▸ **Exercise brief**: In the records below, find the line with "else real p" and the line with "define D where". Print both exactly, along with every line between them, and no other line.

^^^^^^^^^^^^^^^^

lemma cond_entropy_omit_eq_undetermined_prob:
  assumes p: "0 \<le> p" "p \<le> 1"
  shows "cond_entropy_omit N C p i = undetermined_prob N C p i"
proof -
  define I where "I = {..<N} - {i}"
  define P where "P x z = (\<Prod>j\<in>I. bec_W p (x ! j) (z ! j))" for x z
  define q where "q b z = joint_omit N C p i b z" for b z
  define m where "m z = marg_omit N C p i z" for z
  let ?k = "real (card C)"
  have I: "I \<subseteq> {..<N}" by (auto simp: I_def)
  have q_def': "q b z = (\<Sum>x\<in>{x\<in>C. x ! i = b}. P x z / ?k)" for b z
    by (simp add: q_def joint_omit_def P_def I_def)
  have q_nonneg: "q b z \<ge> 0" for b z
    unfolding q_def' P_def using p by (intro sum_nonneg divide_nonneg_nonneg prod_nonneg bec_W_nonneg) auto
  have obs: "obs_omit N i = {z. length z = N \<and> (\<forall>j<N. j \<notin> I \<longrightarrow> z ! j = None)}"
    using i by (auto simp: obs_omit_def I_def)
  have "cond_entropy_omit N C p i = - (\<Sum>z\<in>obs_omit N i. \<Sum>b\<in>UNIV. q b z * log 2 (q b z / m z))"
    unfolding cond_entropy_omit_def q_def[symmetric] m_def[symmetric] Let_def
    using q_nonneg by (intro arg_cong[where f = uminus] sum.cong refl) (simp add: less_le)
  also have "\<dots> = - (\<Sum>z\<in>obs_omit N i. \<Sum>x\<in>C. P x z / ?k * log 2 (q (x ! i) z / m z))"
    unfolding q_def' sum_distrib_right
    by (simp add: sum_group_finite_range[OF code_finite[OF C], where f = "\<lambda>x. x ! i"])
  also have "\<dots> = - (\<Sum>x\<in>C. (\<Sum>z\<in>obs_omit N i. P x z * log 2 (q (x ! i) z / m z)) / ?k)"
    by (subst sum.swap) (simp add: sum_divide_distrib)
  also have "\<dots> = - (\<Sum>x\<in>C. (\<Sum>S\<in>Pow I. - reception_prob p I S * of_bool (undetermined C S i)) / ?k)"
  proof (intro arg_cong[where f = uminus] sum.cong refl arg_cong[where f = "\<lambda>t. t / ?k"])
    fix x assume x: "x \<in> C"
    have "(\<Sum>z\<in>obs_omit N i. P x z * log 2 (q (x ! i) z / m z))
        = (\<Sum>S\<in>Pow I. reception_prob p I S
             * log 2 (q (x ! i) (received_word N x S) / m (received_word N x S)))"
      unfolding obs P_def by (rule sum_outputs_eq_sum_received[OF code_length[OF C x] I])
    also have "\<dots> = (\<Sum>S\<in>Pow I. - reception_prob p I S * of_bool (undetermined C S i))"
      unfolding q_def m_def I_def by (intro sum.cong refl log_posterior_received_word[OF x]) auto
    finally show "(\<Sum>z\<in>obs_omit N i. P x z * log 2 (q (x ! i) z / m z))
        = (\<Sum>S\<in>Pow I. - reception_prob p I S * of_bool (undetermined C S i))" .
  qed
  also have "\<dots> = undetermined_prob N C p i"
    using card_code_pos[OF C] by (simp add: undetermined_prob_def I_def sum_negf)
  finally show ?thesis .
qed

end

lemma undetermined_prob_bounds:
  assumes "0 \<le> p" "p \<le> 1"
  shows "0 \<le> undetermined_prob N C p i" "undetermined_prob N C p i \<le> 1"
proof -
  show "0 \<le> undetermined_prob N C p i"
    unfolding undetermined_prob_def using reception_prob_nonneg[OF assms] by (simp add: sum_nonneg)
  have "undetermined_prob N C p i \<le> (\<Sum>S\<in>Pow ({..<N} - {i}). reception_prob p ({..<N} - {i}) S)"
    unfolding undetermined_prob_def using reception_prob_nonneg[OF assms]
    by (intro sum_mono) (simp add: mult_left_le)
  also have "\<dots> = 1" by (simp add: sum_reception_prob)
  finally show "undetermined_prob N C p i \<le> 1" .
qed

lemma undetermined_prob_differentiable: "(\<lambda>p. undetermined_prob N C p i) differentiable (at p)"
proof -
  have "(\<lambda>p. reception_prob p I S) differentiable (at p)" for I S
    using reception_prob_has_derivative real_differentiable_def by blast
  then show ?thesis
    unfolding undetermined_prob_def by (intro differentiable_sum differentiable_mult differentiable_const) auto
qed

context
  fixes N :: nat and C :: "bool list set"
  assumes C: "binary_linear_code N C"
begin

lemma exit_fun_eq_undetermined_prob:
  assumes "0 \<le> p" "p \<le> 1"
  shows "exit_fun N C p = (\<Sum>i<N. undetermined_prob N C p i) / N"
  using cond_entropy_omit_eq_undetermined_prob[OF C _ assms] by (simp add: exit_fun_def)

lemma exit_fun_bounds:
  assumes "0 \<le> p" "p \<le> 1"
  shows "0 \<le> exit_fun N C p" "exit_fun N C p \<le> 1"
proof -
  have "(\<Sum>i<N. undetermined_prob N C p i) \<le> (\<Sum>i<N. 1)"
    by (rule sum_mono) (use undetermined_prob_bounds[OF assms] in auto)
  moreover have "0 \<le> (\<Sum>i<N. undetermined_prob N C p i)"
    by (rule sum_nonneg) (use undetermined_prob_bounds[OF assms] in auto)
  ultimately show "0 \<le> exit_fun N C p" "exit_fun N C p \<le> 1"
    by (auto simp: exit_fun_eq_undetermined_prob[OF assms] divide_le_eq_1)
qed

lemma exit_fun_has_derivative:
  assumes "0 < p" "p < 1"
  shows "(exit_fun N C has_field_derivative deriv (exit_fun N C) p) (at p)"
proof -
  let ?G = "\<lambda>p. 1 / N * (\<Sum>i<N. undetermined_prob N C p i)"
  have "?G differentiable (at p)"
    by (intro differentiable_mult differentiable_const differentiable_sum)
      (auto intro: undetermined_prob_differentiable)
  then have "(?G has_field_derivative deriv ?G p) (at p)"
    by (simp add: DERIV_deriv_iff_real_differentiable)
  then have "(exit_fun N C has_field_derivative deriv ?G p) (at p)"
    by (rule has_field_derivative_transform_within_open[of _ _ _ "{0<..<1}"])
      (use assms in \<open>auto simp: exit_fun_eq_undetermined_prob\<close>)
  then show ?thesis using DERIV_imp_deriv by metis
qed

lemma equivocation_bounds:
  assumes "0 \<le> p" "p \<le> 1"
  shows "0 \<le> equivocation N C p" "equivocation N C p \<le> log 2 (card C)"
proof -
  have log: "0 \<le> log 2 (card (vanishing_subcode C S))"
    "log 2 (card (vanishing_subcode C S)) \<le> log 2 (card C)" if "S \<in> Pow {..<N}" for S
  proof -
    have "1 \<le> real (card (vanishing_subcode C S))" "real (card (vanishing_subcode C S)) \<le> card C"
      using card_vanishing_subcode_ge1[OF C, of S] card_vanishing_subcode_le[OF C, of S] that by auto
    then show "0 \<le> log 2 (card (vanishing_subcode C S))"
      "log 2 (card (vanishing_subcode C S)) \<le> log 2 (card C)" by simp_all
  qed
  show "0 \<le> equivocation N C p"
    unfolding equivocation_def using reception_prob_nonneg[OF assms] log(1)
    by (intro sum_nonneg mult_nonneg_nonneg) auto
  have "equivocation N C p \<le> (\<Sum>S\<in>Pow {..<N}. reception_prob p {..<N} S * log 2 (card C))"
    unfolding equivocation_def using reception_prob_nonneg[OF assms] log(2)
    by (intro sum_mono mult_left_mono) auto
  also have "\<dots> = log 2 (card C)" by (simp add: sum_reception_prob flip: sum_distrib_right)
  finally show "equivocation N C p \<le> log 2 (card C)" .
qed

lemma equivocation_has_derivative:
  "(equivocation N C has_field_derivative (\<Sum>i<N. undetermined_prob N C p i)) (at p)"
proof -
  let ?U = "{..<N}" and ?l = "\<lambda>S. log 2 (card (vanishing_subcode C S))"
  let ?d = "\<lambda>j S. (if j \<in> S then -1 else 1) * reception_prob p (?U - {j}) S"
  have "(equivocation N C has_field_derivative (\<Sum>S\<in>Pow ?U. (\<Sum>j\<in>?U. ?d j S) * ?l S)) (at p)"
    unfolding equivocation_def by (intro DERIV_sum DERIV_cmult_right reception_prob_has_derivative)
  also have "(\<Sum>S\<in>Pow ?U. (\<Sum>j\<in>?U. ?d j S) * ?l S) = (\<Sum>j\<in>?U. \<Sum>S\<in>Pow ?U. ?d j S * ?l S)"
    by (simp add: sum_distrib_right sum.swap[of _ "Pow ?U"])
  also have "\<dots> = (\<Sum>j\<in>?U. undetermined_prob N C p j)"
  proof (intro sum.cong refl)
    fix j assume j: "j \<in> ?U"
    have "(\<Sum>S\<in>Pow ?U. ?d j S * ?l S) = (\<Sum>S\<in>Pow (?U - {j}). ?d j S * ?l S + ?d j (insert j S) * ?l (insert j S))"
      using j by (intro sum_Pow_pairs) auto
    also have "\<dots> = (\<Sum>S\<in>Pow (?U - {j}). reception_prob p (?U - {j}) S * of_bool (undetermined C S j))"
    proof (intro sum.cong refl)
      fix S assume "S \<in> Pow (?U - {j})"
      then have S: "S \<subseteq> ?U" "j \<notin> S" by auto
      then show "?d j S * ?l S + ?d j (insert j S) * ?l (insert j S)
          = reception_prob p (?U - {j}) S * of_bool (undetermined C S j)"
        using j log_card_vanishing_subcode_insert[OF C _ S(1), of j]
        by (simp add: reception_prob_insert algebra_simps)
    qed
    finally show "(\<Sum>S\<in>Pow ?U. ?d j S * ?l S) = undetermined_prob N C p j"
      by (simp add: undetermined_prob_def)
  qed
  finally show ?thesis .
qed

lemma ambiguous_imp_undetermined:
  assumes x: "x \<in> C" and x': "x' \<in> C" "x' \<noteq> x" "compatible x' (received_word N x S)"
    and S: "S \<subseteq> {..<N}"
  shows "\<exists>i\<in>{..<N} - S. undetermined C S i"
proof -
  have len: "length x = N" "length x' = N" using code_length[OF C] x x' by auto
  have "\<exists>i<N. x ! i \<noteq> x' ! i"
  proof (rule ccontr)
    assume "\<not> ?thesis"
    then have "x = x'" using len by (intro nth_equalityI) auto
    with x'(2) show False by simp
  qed
  then obtain i where i: "i < N" "x ! i \<noteq> x' ! i" by blast
  have agree: "x ! j = x' ! j" if "j \<in> S" for j
    using x'(3) that S by (auto simp: compatible_def nth_received_word)
  have "xor_vec x x' \<in> vanishing_subcode C S" "xor_vec x x' ! i"
    using code_xor[OF C x x'(1)] agree S i len by (auto simp: vanishing_subcode_def nth_xor_vec)
  moreover have "i \<notin> S" using agree i by blast
  ultimately show ?thesis using i by (auto simp: undetermined_def)
qed
lemma fourier_triple_convolution:
  "fourier (\<lambda>x. \<Sum>a\<in>UNIV. \<Sum>u\<in>UNIV. f (u + x - a) * cnj (f u) * f a) w
     = of_real ((cmod (fourier f w))\<^sup>2) * fourier f w"
proof -
  have shift: "(\<Sum>x\<in>UNIV. f (u + x - a) * \<chi> (- (w * x)))
      = fourier f w * \<chi> (w * u) * \<chi> (- (w * a))" for a u
  proof -
    have "(\<Sum>x\<in>UNIV. f (u + x - a) * \<chi> (- (w * x)))
        = (\<Sum>z\<in>UNIV. f z * \<chi> (- (w * (z - u + a))))"
      by (rule sum.reindex_bij_witness[of _ "\<lambda>z. z - u + a" "\<lambda>x. u + x - a"])
        (auto simp: algebra_simps)
    also have "\<dots> = (\<Sum>z\<in>UNIV. f z * \<chi> (- (w * z)) * \<chi> (w * u) * \<chi> (- (w * a)))"
      by (simp add: algebra_simps flip: char_add)
    finally show ?thesis
      by (simp add: fourier_def sum_distrib_right)
  qed
  have conj: "(\<Sum>u\<in>UNIV. cnj (f u) * \<chi> (w * u)) = cnj (fourier f w)"
    by (simp add: fourier_def char_uminus)
  have "fourier (\<lambda>x. \<Sum>a\<in>UNIV. \<Sum>u\<in>UNIV. f (u + x - a) * cnj (f u) * f a) w
      = (\<Sum>x\<in>UNIV. \<Sum>a\<in>UNIV. \<Sum>u\<in>UNIV. f (u + x - a) * \<chi> (- (w * x)) * (cnj (f u) * f a))"
    unfolding fourier_def sum_distrib_right by (simp add: mult_ac)
  also have "\<dots> = (\<Sum>a\<in>UNIV. \<Sum>u\<in>UNIV. \<Sum>x\<in>UNIV. f (u + x - a) * \<chi> (- (w * x)) * (cnj (f u) * f a))"
    by (subst sum.swap) (rule sum.cong[OF refl], rule sum.swap)
  also have "\<dots> = (\<Sum>a\<in>UNIV. \<Sum>u\<in>UNIV. (\<Sum>x\<in>UNIV. f (u + x - a) * \<chi> (- (w * x))) * (cnj (f u) * f a))"
    by (simp add: sum_distrib_right)
  also have "\<dots> = (\<Sum>a\<in>UNIV. \<Sum>u\<in>UNIV. f a * \<chi> (- (w * a)) * (cnj (f u) * \<chi> (w * u)) * fourier f w)"
    by (simp only: shift) (simp add: mult_ac)
  also have "\<dots> = (\<Sum>a\<in>UNIV. f a * \<chi> (- (w * a))) * (\<Sum>u\<in>UNIV. cnj (f u) * \<chi> (w * u)) * fourier f w"
    by (simp only: sum_product, simp only: sum_distrib_right)
  also have "\<dots> = of_real ((cmod (fourier f w))\<^sup>2) * fourier f w"
    by (simp only: conj fourier_def[symmetric] complex_norm_square)
  finally show ?thesis .
qed

end

lemma psi_add:
  assumes "prime p" and "card (UNIV::'a::{field,finite} set) = p ^ n"
  shows "psi p n ((x::'a) + y) = psi p n x * psi p n y"
proof -
  have char: "CHAR('a) = p"
    using CHAR_eq_if_card_eq_prime_power[OF assms] .
  have "prime CHAR('a)"
    using assms(1) char by simp
  note of_nat_fp_val_tr = of_nat_fp_val[OF this tr_power_CHAR_eq_self[OF assms]]
  have "of_nat (fp_val (tr p n (x + y))) = tr p n x + tr p n y"
    using of_nat_fp_val_tr[of "x + y"] tr_add[OF assms(1) char] by simp
  also have "\<dots> = of_nat (fp_val (tr p n x) + fp_val (tr p n y))"
    by (simp add: of_nat_fp_val_tr)
  finally have "fp_val (tr p n (x + y)) mod p = (fp_val (tr p n x) + fp_val (tr p n y)) mod p"
    by (simp only: of_nat_eq_iff_cong_CHAR cong_def char)
  then show ?thesis
    unfolding psi_def using assms(1) by (metis power_add zeta_power_mod prime_gt_0_nat)
qed

lemma psi_nontrivial:
  assumes "prime p" and "card (UNIV::'a::{field,finite} set) = p ^ n"
  shows "\<exists>w::'a. psi p n w \<noteq> 1"
proof -
  have char: "CHAR('a) = p"
    using CHAR_eq_if_card_eq_prime_power[OF assms] .
  have "prime CHAR('a)"
    using assms(1) char by simp
  note fp_val_tr = fp_val_less_CHAR[OF this tr_power_CHAR_eq_self[OF assms]]
    of_nat_fp_val[OF this tr_power_CHAR_eq_self[OF assms]]
  have "2 \<le> card (UNIV::'a set)"
    using card_mono[of UNIV "{0::'a, 1}"] by simp
  then have "n > 0"
    using assms(2) by (cases n) auto
  moreover have "p ^ (n - 1) < p ^ n"
    using \<open>n > 0\<close> prime_gt_1_nat[OF assms(1)] by (intro power_strict_increasing) auto
  ultimately obtain w :: 'a where "tr p n w \<noteq> 0"
    using tr_not_identically_zero prime_gt_1_nat[OF assms(1)] assms(2) by metis
  then have "fp_val (tr p n w) \<noteq> 0"
    using fp_val_tr(2)[of w] by (metis of_nat_0)
  moreover have "fp_val (tr p n w) < p"
    using fp_val_tr(1)[of w] char by simp
  ultimately have "\<not> p dvd fp_val (tr p n w)"
    by (auto dest: dvd_imp_le)
  then show ?thesis
    using assms(1) by (auto simp: psi_def zeta_power_eq_1_iff prime_gt_0_nat)
qed

lemma additive_character_psi:
  assumes "prime p" and "card (UNIV::'a::{field,finite} set) = p ^ n"
  shows "additive_character (psi p n :: 'a \<Rightarrow> complex)"
  by (intro additive_character.intro psi_add[OF assms] psi_nontrivial[OF assms])
    (simp add: psi_def zeta_def norm_power)

lemma walsh_eq_fourier:
  fixes F :: "'a::{field,finite} \<Rightarrow> 'b::{field,finite}"
  assumes "additive_character (psi p n :: 'a \<Rightarrow> complex)"
  shows "walsh p n m F b w = additive_character.fourier (psi p n) (\<lambda>x. psi p m (b * F x)) w"
  by (simp add: walsh_def psi_def[symmetric] divide_inverse additive_character.fourier_def[OF assms]
      additive_character.char_uminus_eq_inverse[OF assms])

lemma cmod_in_zero_or_iff:
  assumes "0 \<le> r"
  shows "cmod z \<in> {0, r} \<longleftrightarrow> of_real ((cmod z)\<^sup>2) * z = of_real (r\<^sup>2) * z"
proof (cases "z = 0")
  case False
  then have "of_real ((cmod z)\<^sup>2) * z = of_real (r\<^sup>2) * z \<longleftrightarrow> (cmod z)\<^sup>2 = r\<^sup>2"
    by (metis mult_cancel_right of_real_eq_iff)
  also have "\<dots> \<longleftrightarrow> cmod z = r"
    using assms by (simp add: power2_eq_iff_nonneg)
  finally show ?thesis
    using False by simp
qed simp

section \<open>Second-order sums of a vectorial function\<close>

definition solution_count :: "('a::ab_group_add \<Rightarrow> 'b::ab_group_add) \<Rightarrow> 'a \<Rightarrow> 'b \<Rightarrow> nat" where
  "solution_count F x y = (\<Sum>a\<in>UNIV. card {u. y = F (u + x - a) - F u + F a})"

locale character_pair = A: additive_character \<chi> + B: additive_character \<psi>
  for \<chi> :: "'a::{field,finite} \<Rightarrow> complex" and \<psi> :: "'b::{field,finite} \<Rightarrow> complex"
begin

definition component :: "('a \<Rightarrow> 'b) \<Rightarrow> 'b \<Rightarrow> 'a \<Rightarrow> complex" where
  "component F b x = \<psi> (b * F x)"

definition second_order_sum :: "('a \<Rightarrow> 'b) \<Rightarrow> 'b \<Rightarrow> 'a \<Rightarrow> complex" where
  "second_order_sum F b x = (\<Sum>a\<in>UNIV. \<Sum>u\<in>UNIV. \<psi> (b * (F (u + x - a) - F u + F a)))"

lemma fourier_second_order_sum:
  "A.fourier (second_order_sum F b) w
     = of_real ((cmod (A.fourier (component F b) w))\<^sup>2) * A.fourier (component F b) w"
proof -
  have "\<psi> (b * (F (u + x - a) - F u + F a))
      = component F b (u + x - a) * cnj (component F b u) * component F b a" for x a u
  proof -
    have "b * (F (u + x - a) - F u + F a) = b * F (u + x - a) + - (b * F u) + b * F a"
      by (simp add: algebra_simps)
    then show ?thesis
      by (simp only: component_def B.char_add B.char_uminus)
  qed
  then have "second_order_sum F b
      = (\<lambda>x. \<Sum>a\<in>UNIV. \<Sum>u\<in>UNIV. component F b (u + x - a) * cnj (component F b u) * component F b a)"
    by (simp add: fun_eq_iff second_order_sum_def)
  then show ?thesis
    by (simp add: A.fourier_triple_convolution)
qed

lemma plateau_iff_second_order_sum:
  assumes "0 \<le> r"
  shows "(\<forall>w. cmod (A.fourier (component F b) w) \<in> {0, r})
    \<longleftrightarrow> second_order_sum F b = (\<lambda>x. of_real (r\<^sup>2) * component F b x)"
proof -
  have "cmod (A.fourier (component F b) w) \<in> {0, r}
      \<longleftrightarrow> A.fourier (second_order_sum F b) w = A.fourier (\<lambda>x. of_real (r\<^sup>2) * component F b x) w" for w
    by (simp only: cmod_in_zero_or_iff[OF assms] fourier_second_order_sum A.fourier_cmult)
  then have "(\<forall>w. cmod (A.fourier (component F b) w) \<in> {0, r})
      \<longleftrightarrow> A.fourier (second_order_sum F b) = A.fourier (\<lambda>x. of_real (r\<^sup>2) * component F b x)"
    unfolding fun_eq_iff by blast
  also have "\<dots> \<longleftrightarrow> second_order_sum F b = (\<lambda>x. of_real (r\<^sup>2) * component F b x)"
    by (auto dest: A.fourier_inject)
  finally show ?thesis .
qed

lemma solution_count_char_sum:
  "(\<Sum>y\<in>UNIV. of_nat (solution_count F x y) * \<psi> (b * y)) = second_order_sum F b x"
proof -
  define G where "G a u = F (u + x - a) - F u + F a" for a u
  have "(of_nat (solution_count F x y) :: complex) = (\<Sum>a\<in>UNIV. \<Sum>u\<in>UNIV. if y = G a u then 1 else 0)" for y
    by (simp add: solution_count_def G_def sum.If_cases)
  then have "(\<Sum>y\<in>UNIV. of_nat (solution_count F x y) * \<psi> (b * y))
      = (\<Sum>y\<in>UNIV. \<Sum>a\<in>UNIV. \<Sum>u\<in>UNIV. if y = G a u then \<psi> (b * y) else 0)"
    by (simp add: sum_distrib_right if_distrib[where f="\<lambda>t. t * _"] cong: if_cong)
  also have "\<dots> = (\<Sum>a\<in>UNIV. \<Sum>u\<in>UNIV. \<Sum>y\<in>UNIV. if y = G a u then \<psi> (b * y) else 0)"
    by (subst sum.swap) (rule sum.cong[OF refl], rule sum.swap)
  also have "\<dots> = second_order_sum F b x"
    by (simp add: second_order_sum_def G_def)
  finally show ?thesis .
qed

lemma solution_count_iff:
  assumes "\<alpha> * real (card (UNIV::'b set)) + D = real (card (UNIV::'a set)) ^ 2"
  shows "(\<forall>y. real (solution_count F x y) = \<alpha> + (if y = F x then D else 0))
    \<longleftrightarrow> (\<forall>b. b \<noteq> 0 \<longrightarrow> second_order_sum F b x = of_real D * component F b x)"
proof -
  define T where "T y = \<alpha> + (if y = F x then D else 0)" for y
  have T_sum: "(\<Sum>y\<in>UNIV. of_real (T y) * \<psi> (b * y))
      = (if b = 0 then of_nat (card (UNIV::'a set) ^ 2) else of_real D * component F b x)" for b
  proof -
    have "(\<Sum>y\<in>UNIV. of_real (T y) * \<psi> (b * y))
        = (\<Sum>y\<in>UNIV. of_real \<alpha> * \<psi> (y * b) + (if y = F x then of_real D * \<psi> (b * y) else 0))"
      by (rule sum.cong) (auto simp: T_def algebra_simps)
    also have "\<dots> = of_real \<alpha> * (\<Sum>y\<in>UNIV. \<psi> (y * b)) + of_real D * component F b x"
      by (simp add: sum.distrib sum_distrib_left component_def)
    also have "\<dots> = (if b = 0 then of_nat (card (UNIV::'a set) ^ 2) else of_real D * component F b x)"
      using arg_cong[OF assms, of complex_of_real] by (simp add: B.sum_char_mult component_def algebra_simps)
    finally show ?thesis .
  qed
  have S0: "second_order_sum F 0 x = of_nat (card (UNIV::'a set) ^ 2)"
    by (simp add: second_order_sum_def power2_eq_square)
  have "(\<forall>y. real (solution_count F x y) = T y)
      \<longleftrightarrow> (\<lambda>y. of_nat (solution_count F x y)) = (\<lambda>y. complex_of_real (T y))"
    by (metis (mono_tags, lifting) of_real_eq_iff of_real_of_nat_eq)
  also have "\<dots> \<longleftrightarrow> (\<forall>b. (\<Sum>y\<in>UNIV. of_nat (solution_count F x y) * \<psi> (b * y))
      = (\<Sum>y\<in>UNIV. of_real (T y) * \<psi> (b * y)))"
  proof
    assume "(\<lambda>y. of_nat (solution_count F x y)) = (\<lambda>y. complex_of_real (T y))"
    then show "\<forall>b. (\<Sum>y\<in>UNIV. of_nat (solution_count F x y) * \<psi> (b * y))
        = (\<Sum>y\<in>UNIV. of_real (T y) * \<psi> (b * y))"
      by (simp add: fun_eq_iff)
  qed (intro B.char_sum_inject, simp)
  also have "\<dots> \<longleftrightarrow> (\<forall>b. b \<noteq> 0 \<longrightarrow> second_order_sum F b x = of_real D * component F b x)"
    by (simp add: solution_count_char_sum T_sum S0)
  finally show ?thesis
    by (simp add: T_def)
qed

end

lemma plateau_parameters_sum:
  assumes "p > 0"
  shows "(real p powr (2 * real n - real m) - real p powr (real n + real s - real m)) * real p ^ m
      + real p powr (real n + real s) = real p ^ (2 * n)"
proof -
  have "real p powr (2 * real n - real m) - real p powr (real n + real s - real m)
      = (real p ^ (2 * n) - real p ^ (n + s)) / real p ^ m"
    using assms by (simp add: powr_diff diff_divide_distrib flip: powr_realpow)
  moreover have "real p powr (real n + real s) = real p ^ (n + s)"
    using assms by (simp flip: powr_realpow)
  ultimately show ?thesis
    using assms by simp
qed

theorem mainTheorem2:
  fixes p n m s :: nat
    and F :: "'a::{field,finite} \<Rightarrow> 'b::{field,finite}"
  assumes "prime p" and "n > 0" and "m > 0" and "s \<le> n"
    and "card (UNIV::'a set) = p ^ n" and "card (UNIV::'b set) = p ^ m"
  shows "vectorial_plateaued p n m s F \<longleftrightarrow>
    (\<forall>x::'a. \<forall>y::'b.
       real (\<Sum>a\<in>UNIV. card {u::'a. y = F (u + x - a) - F u + F a}) =
       (if y \<noteq> F x
        then real p powr (2 * real n - real m) - real p powr (real n + real s - real m)
        else real p powr (real n + real s) + real p powr (2 * real n - real m)
               - real p powr (real n + real s - real m)))"
proof -
  interpret character_pair "psi p n :: 'a \<Rightarrow> complex" "psi p m :: 'b \<Rightarrow> complex"
    by (intro character_pair.intro additive_character_psi assms(1,5,6))
  define r where "r = real p powr ((real n + real s) / 2)"
  define D where "D = real p powr (real n + real s)"
  define \<alpha> where "\<alpha> = real p powr (2 * real n - real m) - real p powr (real n + real s - real m)"
  have "0 \<le> r"
    by (simp add: r_def)
  have "r\<^sup>2 = D"
    unfolding r_def D_def power2_eq_square powr_add[symmetric] by simp
  have count: "\<alpha> * real (card (UNIV::'b set)) + D = real (card (UNIV::'a set)) ^ 2"
    using plateau_parameters_sum[OF prime_gt_0_nat[OF assms(1)], of n m s] assms(5,6)
    by (simp add: \<alpha>_def D_def power_mult[symmetric] mult.commute)
  have "vectorial_plateaued p n m s F
      \<longleftrightarrow> (\<forall>b. b \<noteq> 0 \<longrightarrow> (\<forall>w. cmod (A.fourier (component F b) w) \<in> {0, r}))"
    by (simp add: vectorial_plateaued_def walsh_eq_fourier[OF A.additive_character_axioms]
        component_def[abs_def] r_def)
  also have "\<dots> \<longleftrightarrow> (\<forall>b. b \<noteq> 0 \<longrightarrow> (\<forall>x. second_order_sum F b x = of_real D * component F b x))"
    using plateau_iff_second_order_sum[OF \<open>0 \<le> r\<close>, of F] unfolding \<open>r\<^sup>2 = D\<close> fun_eq_iff
    by blast
  also have "\<dots> \<longleftrightarrow> (\<forall>x y. real (solution_count F x y) = \<alpha> + (if y = F x then D else 0))"
    using solution_count_iff[OF count] by blast
  finally show ?thesis
    by (simp add: solution_count_def \<alpha>_def D_def add.commute add_diff_eq conj_commute)
qed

^^^^^^^^^^^^^^^^

▸ **Solution to the problem**:
        else real p powr (real n + real s) + real p powr (2 * real n - real m)
               - real p powr (real n + real s - real m)))"
proof -
  interpret character_pair "psi p n :: 'a \<Rightarrow> complex" "psi p m :: 'b \<Rightarrow> complex"
    by (intro character_pair.intro additive_character_psi assms(1,5,6))
  define r where "r = real p powr ((real n + real s) / 2)"
  define D where "D = real p powr (real n + real s)"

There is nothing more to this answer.